Photo by Denny Müller on Unsplash
She is cool and precise,
a vision of emptiness
swaying gently behind the eyes.
I have seen the whole of her
inside and out.
We are not the same species
so there is nothing to compare.
We each have our someones,
the same someone split in half.
She is a damp, halting apathy,
a pretense, the antithesis to intimacy.
I pity her because she starves.
I pity myself as well.
–
I am too many things to be exact.
My creatures are all at war.
I am too much.

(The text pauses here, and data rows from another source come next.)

lemma lin_equiv_iff_firing_div:
  "lin_equiv V e f g \<longleftrightarrow> (\<exists>x. \<forall>u\<in>V. g u = f u + firing_div V e x u)"
  by (simp add: lin_equiv_def firing_div_def)

lemma L_effective_cong:
  "(\<And>u. u \<in> V \<Longrightarrow> f u = g u) \<Longrightarrow> L_effective V e f \<longleftrightarrow> L_effective V e g"
  unfolding L_effective_def lin_equiv_def by auto

lemma firing_div_eq:
  assumes "finite V" "u \<in> V" "e u u = 0"
  shows "firing_div V e x u = x u * vdeg V e u - (\<Sum>w\<in>V. x w * int (e w u))"
proof -
  have "firing_div V e x u = (\<Sum>w\<in>V. (if w = u then x u * vdeg V e u else 0) - x w * int (e w u))"
    unfolding firing_div_def by (rule sum.cong) (auto simp: laplacian_def assms(3) algebra_simps)
  then show ?thesis
    using assms(1,2) by (simp add: sum_subtractf)
qed

lemma sum_firing_div:
  assumes "finite V" "\<forall>a. e a a = 0"
  shows "(\<Sum>u\<in>V. firing_div V e x u) = 0"
proof -
  have "(\<Sum>u\<in>V. firing_div V e x u)
      = (\<Sum>u\<in>V. x u * vdeg V e u) - (\<Sum>u\<in>V. \<Sum>w\<in>V. x w * int (e w u))"
    using assms by (simp add: firing_div_eq sum_subtractf)
  also have "(\<Sum>u\<in>V. \<Sum>w\<in>V. x w * int (e w u)) = (\<Sum>w\<in>V. x w * vdeg V e w)"
    by (subst sum.swap) (simp add: vdeg_def sum_distrib_left)
  finally show ?thesis by simp
qed

lemma firing_div_subset:
  assumes "finite V" "W \<subseteq> V" "u \<in> W" "\<forall>a b. e a b = e b a" "\<forall>w\<in>V - W. e u w = 0"
  shows "firing_div V e x u = firing_div W e x u"
proof -
  have "vdeg V e u = vdeg W e u"
    unfolding vdeg_def using assms by (intro sum.mono_neutral_right) auto
  then have "laplacian V e w u = laplacian W e w u" for w
    by (simp add: laplacian_def)
  moreover have "\<forall>w\<in>V - W. x w * laplacian V e w u = 0"
    using assms by (auto simp: laplacian_def)
  ultimately show ?thesis
    unfolding firing_div_def using assms(1,2) by (simp add: sum.mono_neutral_right)
qed

lemma firing_div_induced:
  assumes "u \<in> W"
  shows "firing_div W (induced e W) x u = firing_div W e x u"
proof -
  have "vdeg W (induced e W) u = vdeg W e u"
    unfolding vdeg_def using assms by (intro sum.cong) (auto simp: induced_def)
  then show ?thesis
    unfolding firing_div_def using assms by (intro sum.cong) (auto simp: laplacian_def induced_def)
qed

I am all nerve endings.
The funny thing
is that she isn’t even here.
All I ever was, was my devotion
but he kept on dragging her up
from her little coffin
and forcing me to kiss her mouth.
That’s why I ran away with the Devil.
–
It was only me and the Devil
in that room, on that occasion.
We exchanged hands over tea.
I let him undress me.
My panties were wet.
My lips were red with hunger.
There were three windows and one door.
All closed.
All leading inside.
–
The Devil took me down to the cellar
and filled me with angel tears
and blasphemous psalms.
He pressed his monstrosity
at the mouth of my abandoned womb
and I forgot all about
the little, half-boy
that sings in a choir.
–
Is it wrong to say that I love
the tongue that feeds me
more than the smiling mouths
of good people?
Is it wrong to trade my false lover
for a light-extruding myth?
All operas have lost there meaning,
only poetry speaks to me these days.
–
I may be a pariah
but I don’t want to be alone.
The Devil occupies my thoughts.
He could just as well eat me
but instead he breaks open my bones
with his sinister, seductive laugh.
I am happy
when it is just the two of us.
I am happy to be the bride
of a willing groom.
–
The Devil doesn’t love her
and that consoles me.
She is too clear for him,
too wrath-like, too fastened.
He loves her
but he doesn’t understand women at all
and he can’t sustain
his own heart for more than a beat.
–
The Devil doesn’t have
horns or cloven hooves.
He wears a loin cloth,
or a top hat,
or peacock feathers sewn into a dress.
He is not the subject
of any particular book
but his presence regularly
sparks debate.
–
The Devil is mine and mine alone.
We invented each other.
Sometimes he carries me in his arms
and speaks to me in verbs.
I know what he is capable of
and what he isn’t.
For us there is freedom in union.
For us addiction is a kind of paradise.
I don’t need to excuse myself
for being rotten or ordinary.
I don’t need to apologize
for my vagina.
The Devil gets it.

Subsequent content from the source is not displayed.